Avoiding Dementialand

I hadn’t been volunteering for hospice too long when I was asked to stay with Isabel (not her real name) on Sunday mornings. Her family would be at church, and she couldn’t be home alone. Her daughter and son-in-law would be fine with staying home from church, but Isabel would have none of it. So I would come on Sunday mornings.

I was in my mid-20s and in grad school. I was still a bit unsure if I really had the skills to do this hospice thing. I worried a lot about saying the wrong thing. (Side note: I eventually overcame this fear by acknowledging that I would say the wrong thing from time to time, and that’s okay.)

I showed up to find a tiny lady in her early 80’s who was in congestive heart failure. Isabel put me at ease immediately. She was on oxygen and scooted around with a walker. I worried about her tripping over the oxygen line but tried not to hover. She tired easily but somehow had a positive energy about her. She didn’t have dementia. In fact, when I arrived she was watching Suze Orman and launched into an insightful lecture about how women should take responsibility for their own finances.

She asked if I was married. When I said no, she told me that I should not wait until I got married to start making sound financial decisions. I felt like I should be taking notes. I liked her immediately.

Isabel told me in the first five minute of our visit that she was ready to leave this earth at any point. She said she would miss her family but “had her bags packed.”

One thing about volunteering for hospice that surprised me was the ease at which hospice patients jump from talking about the mundane (the puzzle on Wheel of Fortune, toilet paper brands, whether they liked asparagus) to the meaningful (how long they had to live, what happens after death, whether they’ll ever see snow again) and right back. Isabel was a classic example. One minute she was telling me she liked my shoes and the next minute she was talking about how she wasn’t scared of death. And then back to Suze Orman. She really liked Suze Orman’s haircut.

But our conversation kept coming back to how lucky she was. She couldn’t help but tell me how fortunate and happy she was that she didn’t have Alzheimer’s. She had seen her mother and her sister die from it, and all she ever wished for was to not have Alzheimer’s.

As she sat in her recliner with her oxygen, she told me that when she entered hospice care she had a realization that it was congestive heart failure that would kill her–before Alzheimer’s would have a chance.

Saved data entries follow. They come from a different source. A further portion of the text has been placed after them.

(* Let $0<\alpha<1$, $T>0$, $M\in\mathbb{N}^+$, $\Delta t=T/M$, $t_n=n\Delta t$, and let $u\in C^{k+1}[0,T]$, where $1\le i\le k\le 6$ are integers. Let $D^{\alpha}_{k,i}u(t_n)$ be the approximation of the Caputo derivative defined in the context. Then there is a constant $C$ (depending on $u$, $\alpha$, $k$, $i$, but not on $n$ or $\Delta t$) such that for all $k\le n\le M$: (i) if $1\le i<k\le 6$, $$\big|D_{k,i}^{\alpha}u(t_{n})-{}^{C}D^{\alpha}u(t_{n})\big|\le C\big(t_{n-k+i}^{-\alpha-1}\,\Delta t^{k+1}+\Delta t^{k+1-\alpha}\big);$$ (ii) if $i=k\in\{1,\dots,6\}$, $$\big|D_{k,k}^{\alpha}u(t_{n})-{}^{C}D^{\alpha}u(t_{n})\big|\le C\,\Delta t^{k+1-\alpha}.$$
   Context: Caputo derivative of order $\alpha\in(0,1)$: ${}^{C}D^{\alpha}u(t)=\frac{1}{\Gamma(1-\alpha)}\int_0^t (t-\xi)^{-\alpha}u'(\xi)\,\mathrm{d}\xi$. Let $I_j=[t_{j-1},t_j]$. For integers $m\ge1$, $j$, $q$, let $p^{m}_{j,q}$ denote the polynomial of degree at most $m$ interpolating $u$ at the $m+1$ nodes $t_{j+q-m-1},t_{j+q-m},\dots,t_{j+q-1}$ (considered on $I_j$). For $1\le i\le k\le 6$ and $n\ge k$, let $P^{k}_{i,n}$ be the continuous piecewise polynomial on $[0,t_n]$ given on $I_j$ by: $P^{k}_{i,n}=p^{k-1}_{j,k-j}$ for $1\le j\le k-i$; $P^{k}_{i,n}=p^{k}_{j,i}$ for $k-i+1\le j\le n-i+1$; $P^{k}_{i,n}=p^{k}_{j,n+1-j}$ for $n-i+2\le j\le n$. Then $D^{\alpha}_{k,i}u(t_n)=\frac{1}{\Gamma(1-\alpha)}\int_0^{t_n}(t_n-\xi)^{-\alpha}\frac{\mathrm{d}}{\mathrm{d}\xi}P^{k}_{i,n}(\xi)\,\mathrm{d}\xi$. *)

theory Defs
  imports "HOL-Analysis.Analysis"
begin

text \<open>u is in C^m[0,T]: derivatives (one-sided at endpoints, i.e. within S) up to order m
  exist on S, and all of D_0 = u, ..., D_m are continuous on S.\<close>
definition Ck_on :: "nat \<Rightarrow> real set \<Rightarrow> (real \<Rightarrow> real) \<Rightarrow> bool" where
  "Ck_on m S u \<longleftrightarrow> (\<exists>D :: nat \<Rightarrow> real \<Rightarrow> real. D 0 = u \<and>
      (\<forall>j<m. \<forall>x\<in>S. (D j has_real_derivative D (Suc j) x) (at x within S)) \<and>
      (\<forall>j\<le>m. continuous_on S (D j)))"

definition caputo :: "real \<Rightarrow> (real \<Rightarrow> real) \<Rightarrow> real \<Rightarrow> real" where
  "caputo \<alpha> u t = (1 / Gamma (1 - \<alpha>)) *
      integral {0..t} (\<lambda>\<xi>. (t - \<xi>) powr (- \<alpha>) * deriv u \<xi>)"

text \<open>Lagrange interpolation polynomial of degree at most m of u at the m+1 nodes
  t_a, t_(a+1), ..., t_(a+m), where t_l = l * dt.\<close>
definition interp :: "real \<Rightarrow> (real \<Rightarrow> real) \<Rightarrow> int \<Rightarrow> nat \<Rightarrow> real \<Rightarrow> real" where
  "interp dt u a m \<xi> = (\<Sum>l\<in>{0..m}. u (real_of_int (a + int l) * dt) *
      (\<Prod>r\<in>{0..m} - {l}. (\<xi> - real_of_int (a + int r) * dt) /
         (real_of_int (a + int l) * dt - real_of_int (a + int r) * dt)))"

text \<open>p^m_{j,q}: interpolant at nodes t_(j+q-m-1), ..., t_(j+q-1).\<close>
definition pjq :: "real \<Rightarrow> (real \<Rightarrow> real) \<Rightarrow> nat \<Rightarrow> int \<Rightarrow> int \<Rightarrow> real \<Rightarrow> real" where
  "pjq dt u m j q = interp dt u (j + q - int m - 1) m"

text \<open>Index j of the interval I_j = [t_(j-1), t_j] containing xi (j >= 1).\<close>
definition interval_index :: "real \<Rightarrow> real \<Rightarrow> int" where
  "interval_index dt \<xi> = max 1 \<lceil>\<xi> / dt\<rceil>"

definition Ppw :: "real \<Rightarrow> (real \<Rightarrow> real) \<Rightarrow> nat \<Rightarrow> nat \<Rightarrow> nat \<Rightarrow> real \<Rightarrow> real" where
  "Ppw dt u k i n \<xi> =
     (let j = interval_index dt \<xi> in
      if j \<le> int k - int i then pjq dt u (k - 1) j (int k - j) \<xi>
      else if j \<le> int n - int i + 1 then pjq dt u k j (int i) \<xi>
      else pjq dt u k j (int n + 1 - j) \<xi>)"
(* Let $(A,B)$ be a random vector with $\mathbb P\{A\in(0,1]\}=1$, $\mathbb P\{B>x\}\sim ax^ce^{-bx}$ as $x\to\infty$ for some $a,b>0$ and $c<-1$, $\mathbb E e^{bB}\mathbf 1_{\{A=1\}}<1$, and suppose there is a nonnegative measurable $f$ with $\mathbb P\{Ay+B>x\}\sim f(y)\mathbb P\{B>x\}$ as $x\to\infty$ for each $y\in\mathbb R$. Let $Y$ be a random variable independent of $(A,B)$ with $\mathbb P\{Y>x\}\sim c_Y\mathbb P\{B>x\}$ as $x\to\infty$ for some constant $c_Y>0$. Then $\mathbb E f(Y)<\infty$ and $$\mathbb P\{AY+B>x\}\sim\big(c_Y\,\mathbb E e^{bB}\mathbf 1_{\{A=1\}}+\mathbb E f(Y)\big)\mathbb P\{B>x\},\quad x\to\infty.$$ *)

theory Defs
  imports "HOL-Probability.Probability" "HOL-Library.Landau_Symbols"
begin

end

theory Submission
  imports Defs "HOL-Real_Asymp.Real_Asymp"
begin

text \<open>
  Split the event \<open>{AY + B > x}\<close> at a level \<open>K\<close>. On \<open>{Y \<le> K}\<close>, conditioning on \<open>Y\<close> and dominated
  convergence give \<open>E f(Y) 1{Y \<le> K}\<close>. On \<open>{Y > K, B \<le> K}\<close>, conditioning on \<open>(A, B)\<close> reduces the
  event to \<open>{Y > (x - B) / A}\<close>; since the tail of \<open>Y\<close> is of type \<open>x\<^sup>c e\<^sup>-\<^sup>b\<^sup>x\<close>, its ratio to
  \<open>P{B > x}\<close> tends to \<open>c\<^sub>Y e\<^sup>b\<^sup>B\<close> where \<open>A = 1\<close> and to \<open>0\<close> where \<open>A < 1\<close>. On the remaining event both
  \<open>Y\<close> and \<open>B\<close> exceed \<open>K\<close>, and one of them exceeds \<open>x/2\<close>; this part is at most a constant times
  \<open>(E e\<^sup>b\<^sup>Y 1{Y > K} + E e\<^sup>b\<^sup>B 1{B > K}) P{B > x}\<close>, where the exponential moments are finite because
  \<open>c < -1\<close>. Letting \<open>K \<rightarrow> \<infinity>\<close> gives the claim.
\<close>

lemma (in prob_space) indep_var_commute:
  assumes "indep_var S X T W"
  shows "indep_var T W S X"
  using assms unfolding indep_var_eq indep_sets2_eq
  by (auto, subst Int_commute, subst mult.commute, blast)

lemma (in prob_space) integral_distr_indicator_section:
  assumes W_meas[measurable]: "W \<in> measurable M T"
    and P[measurable]: "Measurable.pred (S \<Otimes>\<^sub>M T) (\<lambda>p. P (fst p) (snd p))"
    and x: "x \<in> space S"
  shows "(\<integral>y. indicator {p \<in> space (S \<Otimes>\<^sub>M T). P (fst p) (snd p)} (x, y) \<partial>distr M T W)
    = prob {\<omega>\<in>space M. P x (W \<omega>)}"
proof -
  define Q where "Q = {p \<in> space (S \<Otimes>\<^sub>M T). P (fst p) (snd p)}"
  have [measurable]: "Q \<in> sets (S \<Otimes>\<^sub>M T)"
    unfolding Q_def by measurable
  have "(\<integral>y. indicator Q (x, y) \<partial>distr M T W) = (\<integral>\<omega>. indicator Q (x, W \<omega>) \<partial>M :: real)"
  proof (subst integral_distr)
    show "(\<lambda>y. indicator Q (x, y) :: real) \<in> borel_measurable T"
      using x by measurable
  qed simp_all
  also have "\<dots> = (\<integral>\<omega>. indicator {\<omega>\<in>space M. P x (W \<omega>)} \<omega> \<partial>M)"
    using x by (intro Bochner_Integration.integral_cong refl)
      (auto simp: indicator_def Q_def space_pair_measure measurable_space[OF W_meas])
  also have "\<dots> = prob {\<omega>\<in>space M. P x (W \<omega>)}"
  proof -
    have "Measurable.pred M (\<lambda>\<omega>. P x (W \<omega>))"
      using measurable_compose[OF _ P, of "\<lambda>\<omega>. (x, W \<omega>)" M] x by simp
    then have "{\<omega>\<in>space M. P x (W \<omega>)} \<in> events"
      by measurable
    then show ?thesis
      by simp
  qed
  finally show ?thesis
    unfolding Q_def .
qed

And she kept coming back to this point….she was incredibly grateful she would not have Alzheimer’s.

She also told me that for many years she had been a part of a bridge club. She explained how horrifying it was to watch many of her friends suddenly make “dumb” plays. She said that’s how they knew someone had Alzheimer’s. They’d start playing “dumb cards.” Finally, enough of the members had dementia that the club folded.

I would not have expected anyone to have such relief at a terminal congestive heart failure diagnosis. And maybe relief isn’t the right word. It was almost as if she felt entitled to taunt Alzheimer’s like “You didn’t get me!” and then stick out her tongue at the disease. Maybe even throwing in a “nanny nanny boo boo” for good measure. And, after watching the disease turn her mother and sister into what she referred to as “shells,” she had every right to feel that way. She had avoided Dementialand. Isabel 1; Alzheimer’s 0.

But her happy realization that she had avoided Alzheimer’s made me realize that for many years she likely lived in fear of it. She had probably been terrified for decades. I hate that Alzheimer’s does this to people. It makes older people panic when they lose the remote or mix up their kids’ names. It makes them anxious when they can’t find their car in the mall parking lot.

I appreciate that Alzheimer’s disease is getting increased attention in TV and the movies (e.g., Grey’s Anatomy, The Notebook, Still Alice). I can’t help but say I almost always have a gripe about how the disease is portrayed, but still it is being portrayed, and that’s something. All of the increased awareness is fantastic, but it does also increase anxiety among people as they get older. Alzheimer’s is scary for the people who have it, but also for the people who don’t.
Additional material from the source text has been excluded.